lemma smooth_mult [smooth_intros]:
  assumes "smooth f" "smooth g"
  shows "smooth (\<lambda>x. f x * g x)"
proof -
  \<comment> \<open>\<open>\<partial>\<^sub>i(fg) = \<partial>\<^sub>if g + f \<partial>\<^sub>ig\<close> has one derivative less on smooth factors, so induct on the
    number of derivatives with both factors generalised.\<close>
  have "continuous_on UNIV (iter_partial is (\<lambda>x. f x * g x)) \<and> has_partials (iter_partial is (\<lambda>x. f x * g x))"
    if "smooth f" "smooth g" for "is" and f g :: "real^'n \<Rightarrow> real"
    using that
  proof (induction "length is" arbitrary: "is" f g rule: less_induct)
    case less
    show ?case
    proof (cases "is" rule: rev_cases)
      case Nil
      then show ?thesis
        using less.prems[THEN smooth_imp_continuous_on] less.prems[THEN smooth_imp_has_partials]
        by (auto intro!: continuous_intros has_partials_mult)
    next
      case (snoc js i)
      have IH: "continuous_on UNIV (iter_partial ks (\<lambda>x. f' x * g' x)) \<and> has_partials (iter_partial ks (\<lambda>x. f' x * g' x))"
        if "length ks \<le> length js" "smooth f'" "smooth g'" for ks and f' g' :: "real^'n \<Rightarrow> real"
        using less.hyps that snoc by simp
      have "has_partials (iter_partial ks (\<lambda>x. partial i f x * g x))
          \<and> has_partials (iter_partial ks (\<lambda>x. f x * partial i g x))" if "length ks < length js" for ks
        using IH[of ks "partial i f" g] IH[of ks f "partial i g"] that less.prems by (simp add: smooth_partial)
      then have "iter_partial is (\<lambda>x. f x * g x)
          = (\<lambda>x. iter_partial js (\<lambda>x. partial i f x * g x) x + iter_partial js (\<lambda>x. f x * partial i g x) x)"
        unfolding snoc iter_partial_append_singleton
          partial_mult[OF less.prems[THEN smooth_imp_has_partials]]
        by (intro iter_partial_add)
      moreover have "continuous_on UNIV (iter_partial js (\<lambda>x. partial i f x * g x))
          \<and> has_partials (iter_partial js (\<lambda>x. partial i f x * g x))"
        using IH[of js "partial i f" g] less.prems by (simp add: smooth_partial)
      moreover have "continuous_on UNIV (iter_partial js (\<lambda>x. f x * partial i g x))
          \<and> has_partials (iter_partial js (\<lambda>x. f x * partial i g x))"
        using IH[of js f "partial i g"] less.prems by (simp add: smooth_partial)
      ultimately show ?thesis by (simp add: continuous_on_add has_partials_add)
    qed
  qed
  from this[OF assms] show ?thesis unfolding smooth_iff_has_partials by blast
qed

lemma smooth_sum [smooth_intros]:
  assumes "\<And>j. smooth (F j)"
  shows "smooth (\<lambda>x. \<Sum>j\<in>A. F j x)"
proof (cases "finite A")
  case True then show ?thesis
    by (induction A rule: finite_induct) (auto intro: smooth_add smooth_const assms)
qed (simp add: smooth_const)

lemma smooth_diff [smooth_intros]:
  assumes "smooth f" "smooth g"
  shows "smooth (\<lambda>x. f x - g x)"
  using smooth_add[OF assms(1) smooth_mult[OF smooth_const assms(2)], of "-1"] by simp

◆ TASK BRIEF ◆
Please reproduce each line above exactly as written.

◆ OUTPUT FOR THIS EXERCISE ◆
lemma smooth_mult [smooth_intros]:
  assumes "smooth f" "smooth g"
  shows "smooth (\<lambda>x. f x * g x)"
proof -
  \<comment> \<open>\<open>\<partial>\<^sub>i(fg) = \<partial>\<^sub>if g + f \<partial>\<^sub>ig\<close> has one derivative less on smooth factors, so induct on the
    number of derivatives with both factors generalised.\<close>
  have "continuous_on UNIV (iter_partial is (\<lambda>x. f x * g x)) \<and> has_partials (iter_partial is (\<lambda>x. f x * g x))"
    if "smooth f" "smooth g" for "is" and f g :: "real^'n \<Rightarrow> real"
    using that
  proof (induction "length is" arbitrary: "is" f g rule: less_induct)
    case less
    show ?case
    proof (cases "is" rule: rev_cases)
      case Nil
      then show ?thesis
        using less.prems[THEN smooth_imp_continuous_on] less.prems[THEN smooth_imp_has_partials]
        by (auto intro!: continuous_intros has_partials_mult)
    next
      case (snoc js i)
      have IH: "continuous_on UNIV (iter_partial ks (\<lambda>x. f' x * g' x)) \<and> has_partials (iter_partial ks (\<lambda>x. f' x * g' x))"
        if "length ks \<le> length js" "smooth f'" "smooth g'" for ks and f' g' :: "real^'n \<Rightarrow> real"
        using less.hyps that snoc by simp
      have "has_partials (iter_partial ks (\<lambda>x. partial i f x * g x))
          \<and> has_partials (iter_partial ks (\<lambda>x. f x * partial i g x))" if "length ks < length js" for ks
        using IH[of ks "partial i f" g] IH[of ks f "partial i g"] that less.prems by (simp add: smooth_partial)
      then have "iter_partial is (\<lambda>x. f x * g x)
          = (\<lambda>x. iter_partial js (\<lambda>x. partial i f x * g x) x + iter_partial js (\<lambda>x. f x * partial i g x) x)"
        unfolding snoc iter_partial_append_singleton
          partial_mult[OF less.prems[THEN smooth_imp_has_partials]]
        by (intro iter_partial_add)
      moreover have "continuous_on UNIV (iter_partial js (\<lambda>x. partial i f x * g x))
          \<and> has_partials (iter_partial js (\<lambda>x. partial i f x * g x))"
        using IH[of js "partial i f" g] less.prems by (simp add: smooth_partial)
      moreover have "continuous_on UNIV (iter_partial js (\<lambda>x. f x * partial i g x))
          \<and> has_partials (iter_partial js (\<lambda>x. f x * partial i g x))"
        using IH[of js f "partial i g"] less.prems by (simp add: smooth_partial)
      ultimately show ?thesis by (simp add: continuous_on_add has_partials_add)
    qed
  qed
  from this[OF assms] show ?thesis unfolding smooth_iff_has_partials by blast
qed

lemma smooth_sum [smooth_intros]:
  assumes "\<And>j. smooth (F j)"
  shows "smooth (\<lambda>x. \<Sum>j\<in>A. F j x)"
proof (cases "finite A")
  case True then show ?thesis
    by (induction A rule: finite_induct) (auto intro: smooth_add smooth_const assms)
qed (simp add: smooth_const)

lemma smooth_diff [smooth_intros]:
  assumes "smooth f" "smooth g"
  shows "smooth (\<lambda>x. f x - g x)"
  using smooth_add[OF assms(1) smooth_mult[OF smooth_const assms(2)], of "-1"] by simp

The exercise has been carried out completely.